* Directions: Locate the word "dots" in the material, then show every line that holds it.

* Data under study:
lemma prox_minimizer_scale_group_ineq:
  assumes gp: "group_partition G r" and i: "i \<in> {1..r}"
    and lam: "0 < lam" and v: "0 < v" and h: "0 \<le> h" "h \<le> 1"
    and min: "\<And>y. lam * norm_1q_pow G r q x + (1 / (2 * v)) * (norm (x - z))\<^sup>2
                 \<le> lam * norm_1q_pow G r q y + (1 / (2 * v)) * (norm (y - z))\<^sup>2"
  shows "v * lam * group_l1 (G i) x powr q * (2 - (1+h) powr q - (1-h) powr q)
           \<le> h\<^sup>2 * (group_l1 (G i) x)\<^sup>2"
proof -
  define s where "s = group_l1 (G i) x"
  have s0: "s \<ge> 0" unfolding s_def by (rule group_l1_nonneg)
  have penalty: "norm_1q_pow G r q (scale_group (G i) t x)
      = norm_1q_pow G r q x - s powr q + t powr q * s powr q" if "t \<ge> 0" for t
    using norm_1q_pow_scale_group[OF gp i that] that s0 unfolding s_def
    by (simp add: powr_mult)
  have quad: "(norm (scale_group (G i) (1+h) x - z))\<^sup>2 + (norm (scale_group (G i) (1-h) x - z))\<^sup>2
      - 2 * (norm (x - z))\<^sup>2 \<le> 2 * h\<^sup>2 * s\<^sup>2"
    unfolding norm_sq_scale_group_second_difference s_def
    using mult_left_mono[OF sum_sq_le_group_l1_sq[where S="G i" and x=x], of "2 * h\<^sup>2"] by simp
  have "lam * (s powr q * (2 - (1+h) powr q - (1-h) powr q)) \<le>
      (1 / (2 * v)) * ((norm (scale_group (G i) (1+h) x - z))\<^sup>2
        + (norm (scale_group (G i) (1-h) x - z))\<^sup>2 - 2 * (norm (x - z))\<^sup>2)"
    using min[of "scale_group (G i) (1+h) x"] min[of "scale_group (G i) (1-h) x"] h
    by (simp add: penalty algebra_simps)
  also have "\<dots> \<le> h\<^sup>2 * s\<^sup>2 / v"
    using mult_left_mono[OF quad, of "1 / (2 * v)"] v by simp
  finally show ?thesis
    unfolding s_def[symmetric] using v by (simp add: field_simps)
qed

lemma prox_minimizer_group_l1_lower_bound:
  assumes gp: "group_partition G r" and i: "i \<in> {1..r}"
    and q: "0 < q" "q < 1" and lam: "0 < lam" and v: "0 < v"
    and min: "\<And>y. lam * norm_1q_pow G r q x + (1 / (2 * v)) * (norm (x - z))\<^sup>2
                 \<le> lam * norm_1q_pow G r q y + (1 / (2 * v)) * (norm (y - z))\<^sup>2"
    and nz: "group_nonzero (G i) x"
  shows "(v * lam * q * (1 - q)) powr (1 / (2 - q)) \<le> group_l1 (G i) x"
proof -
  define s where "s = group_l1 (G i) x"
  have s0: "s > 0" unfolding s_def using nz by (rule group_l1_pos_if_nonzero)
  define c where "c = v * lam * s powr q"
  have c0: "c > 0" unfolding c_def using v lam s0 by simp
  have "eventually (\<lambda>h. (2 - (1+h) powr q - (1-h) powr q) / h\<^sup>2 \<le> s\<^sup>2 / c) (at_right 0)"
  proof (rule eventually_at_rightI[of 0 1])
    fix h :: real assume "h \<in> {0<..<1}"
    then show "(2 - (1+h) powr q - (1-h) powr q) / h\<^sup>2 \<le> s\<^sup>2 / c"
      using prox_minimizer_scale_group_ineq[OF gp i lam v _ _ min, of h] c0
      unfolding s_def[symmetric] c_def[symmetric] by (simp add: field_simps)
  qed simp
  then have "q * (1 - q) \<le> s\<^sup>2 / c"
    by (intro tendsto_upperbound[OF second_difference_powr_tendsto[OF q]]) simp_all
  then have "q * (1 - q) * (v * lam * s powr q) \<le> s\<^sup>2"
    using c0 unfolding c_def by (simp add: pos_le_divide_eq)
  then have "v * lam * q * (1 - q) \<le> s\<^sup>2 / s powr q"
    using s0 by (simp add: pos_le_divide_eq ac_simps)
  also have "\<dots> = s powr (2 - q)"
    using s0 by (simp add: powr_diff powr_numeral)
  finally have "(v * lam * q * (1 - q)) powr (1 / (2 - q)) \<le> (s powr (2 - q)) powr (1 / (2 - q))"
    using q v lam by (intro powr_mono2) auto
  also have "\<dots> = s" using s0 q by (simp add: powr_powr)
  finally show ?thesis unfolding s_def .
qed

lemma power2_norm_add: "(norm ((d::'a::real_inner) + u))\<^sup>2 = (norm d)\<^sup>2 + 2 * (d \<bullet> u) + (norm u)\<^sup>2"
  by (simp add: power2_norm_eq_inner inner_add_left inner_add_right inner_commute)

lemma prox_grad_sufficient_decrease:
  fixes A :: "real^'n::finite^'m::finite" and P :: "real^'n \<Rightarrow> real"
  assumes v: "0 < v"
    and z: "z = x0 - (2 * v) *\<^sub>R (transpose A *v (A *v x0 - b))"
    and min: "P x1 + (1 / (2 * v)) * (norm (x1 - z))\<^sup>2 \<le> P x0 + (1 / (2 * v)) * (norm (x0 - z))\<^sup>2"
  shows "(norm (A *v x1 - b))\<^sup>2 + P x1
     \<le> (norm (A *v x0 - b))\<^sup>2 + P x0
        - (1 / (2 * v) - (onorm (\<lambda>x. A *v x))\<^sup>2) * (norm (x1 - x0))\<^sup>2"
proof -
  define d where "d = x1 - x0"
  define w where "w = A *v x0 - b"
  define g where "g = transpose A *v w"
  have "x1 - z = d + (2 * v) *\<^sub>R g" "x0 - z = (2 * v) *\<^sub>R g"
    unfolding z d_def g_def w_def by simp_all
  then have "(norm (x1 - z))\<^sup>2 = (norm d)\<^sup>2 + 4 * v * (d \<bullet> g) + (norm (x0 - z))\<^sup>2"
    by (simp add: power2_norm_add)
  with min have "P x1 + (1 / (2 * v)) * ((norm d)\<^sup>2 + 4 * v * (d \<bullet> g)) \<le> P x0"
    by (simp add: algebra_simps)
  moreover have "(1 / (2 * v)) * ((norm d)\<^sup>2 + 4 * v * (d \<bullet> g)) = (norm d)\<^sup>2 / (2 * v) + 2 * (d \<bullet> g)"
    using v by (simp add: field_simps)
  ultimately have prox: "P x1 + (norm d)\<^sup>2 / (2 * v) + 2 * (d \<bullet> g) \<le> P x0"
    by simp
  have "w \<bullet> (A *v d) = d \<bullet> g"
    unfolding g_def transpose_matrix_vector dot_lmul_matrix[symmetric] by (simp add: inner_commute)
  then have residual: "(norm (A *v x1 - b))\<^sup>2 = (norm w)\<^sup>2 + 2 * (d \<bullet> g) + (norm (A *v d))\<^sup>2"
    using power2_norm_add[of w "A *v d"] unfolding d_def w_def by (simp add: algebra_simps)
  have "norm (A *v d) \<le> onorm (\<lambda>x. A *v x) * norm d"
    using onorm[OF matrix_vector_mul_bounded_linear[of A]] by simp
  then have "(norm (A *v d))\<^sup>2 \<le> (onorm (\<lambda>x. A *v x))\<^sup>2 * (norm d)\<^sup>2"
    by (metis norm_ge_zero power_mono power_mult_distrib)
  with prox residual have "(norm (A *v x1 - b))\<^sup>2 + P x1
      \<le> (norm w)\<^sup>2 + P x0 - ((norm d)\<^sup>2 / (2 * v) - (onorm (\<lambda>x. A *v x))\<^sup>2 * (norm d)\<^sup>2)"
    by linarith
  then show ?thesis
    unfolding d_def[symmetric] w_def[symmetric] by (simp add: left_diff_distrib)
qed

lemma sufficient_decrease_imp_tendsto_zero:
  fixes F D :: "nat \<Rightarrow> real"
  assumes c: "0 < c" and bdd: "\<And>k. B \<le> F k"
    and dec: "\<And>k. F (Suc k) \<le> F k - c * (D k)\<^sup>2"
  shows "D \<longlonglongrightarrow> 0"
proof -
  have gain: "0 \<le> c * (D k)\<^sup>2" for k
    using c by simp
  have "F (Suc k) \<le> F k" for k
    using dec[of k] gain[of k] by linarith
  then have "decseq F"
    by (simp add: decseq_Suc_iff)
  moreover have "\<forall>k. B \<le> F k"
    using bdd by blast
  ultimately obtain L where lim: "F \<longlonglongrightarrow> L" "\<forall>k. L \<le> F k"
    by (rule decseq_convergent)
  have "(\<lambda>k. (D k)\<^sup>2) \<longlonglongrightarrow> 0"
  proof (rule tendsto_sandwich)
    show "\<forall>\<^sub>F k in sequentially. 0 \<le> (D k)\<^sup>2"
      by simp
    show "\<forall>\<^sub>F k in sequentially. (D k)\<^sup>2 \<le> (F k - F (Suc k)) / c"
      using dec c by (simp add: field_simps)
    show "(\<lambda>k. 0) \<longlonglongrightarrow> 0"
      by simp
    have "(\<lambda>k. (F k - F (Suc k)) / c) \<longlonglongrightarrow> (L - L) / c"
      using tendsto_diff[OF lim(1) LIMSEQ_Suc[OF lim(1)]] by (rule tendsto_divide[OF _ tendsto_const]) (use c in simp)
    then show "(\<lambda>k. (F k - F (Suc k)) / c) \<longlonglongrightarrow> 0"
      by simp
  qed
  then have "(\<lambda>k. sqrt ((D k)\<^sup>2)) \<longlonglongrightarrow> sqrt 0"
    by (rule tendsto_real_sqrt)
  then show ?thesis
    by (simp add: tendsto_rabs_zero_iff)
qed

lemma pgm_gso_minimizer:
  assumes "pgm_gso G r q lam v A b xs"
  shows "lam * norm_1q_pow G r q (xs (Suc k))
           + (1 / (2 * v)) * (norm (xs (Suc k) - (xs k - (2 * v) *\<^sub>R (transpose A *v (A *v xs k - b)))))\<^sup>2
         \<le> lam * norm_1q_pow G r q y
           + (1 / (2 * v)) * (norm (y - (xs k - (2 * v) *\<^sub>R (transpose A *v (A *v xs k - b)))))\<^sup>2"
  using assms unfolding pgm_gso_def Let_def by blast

---

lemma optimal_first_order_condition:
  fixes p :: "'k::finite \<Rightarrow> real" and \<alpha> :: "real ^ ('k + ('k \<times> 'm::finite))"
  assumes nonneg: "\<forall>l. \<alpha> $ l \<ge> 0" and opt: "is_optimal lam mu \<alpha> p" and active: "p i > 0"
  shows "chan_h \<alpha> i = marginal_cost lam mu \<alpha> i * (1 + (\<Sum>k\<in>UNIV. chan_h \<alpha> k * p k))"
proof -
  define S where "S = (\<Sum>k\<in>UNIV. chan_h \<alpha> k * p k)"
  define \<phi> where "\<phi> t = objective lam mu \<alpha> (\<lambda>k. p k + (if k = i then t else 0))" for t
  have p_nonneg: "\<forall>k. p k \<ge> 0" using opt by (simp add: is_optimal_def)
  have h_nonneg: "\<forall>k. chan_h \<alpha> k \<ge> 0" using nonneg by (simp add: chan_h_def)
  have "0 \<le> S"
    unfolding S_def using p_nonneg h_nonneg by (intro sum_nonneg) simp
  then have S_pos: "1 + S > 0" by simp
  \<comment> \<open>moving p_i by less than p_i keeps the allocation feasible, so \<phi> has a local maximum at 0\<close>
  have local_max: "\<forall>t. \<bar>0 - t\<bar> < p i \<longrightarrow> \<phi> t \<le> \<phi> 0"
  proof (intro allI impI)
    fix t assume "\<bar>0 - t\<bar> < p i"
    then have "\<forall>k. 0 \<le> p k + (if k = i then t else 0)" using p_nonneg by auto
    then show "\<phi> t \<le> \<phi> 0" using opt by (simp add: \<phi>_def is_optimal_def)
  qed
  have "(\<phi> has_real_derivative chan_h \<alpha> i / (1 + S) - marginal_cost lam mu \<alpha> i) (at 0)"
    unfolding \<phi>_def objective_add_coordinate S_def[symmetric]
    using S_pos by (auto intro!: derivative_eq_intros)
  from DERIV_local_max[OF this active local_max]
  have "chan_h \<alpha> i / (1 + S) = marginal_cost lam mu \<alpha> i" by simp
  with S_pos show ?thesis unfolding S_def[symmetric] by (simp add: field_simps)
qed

* Written answer:
  also have "\<dots> \<le> h\<^sup>2 * s\<^sup>2 / v"
  also have "\<dots> = s powr (2 - q)"
  also have "\<dots> = s" using s0 q by (simp add: powr_powr)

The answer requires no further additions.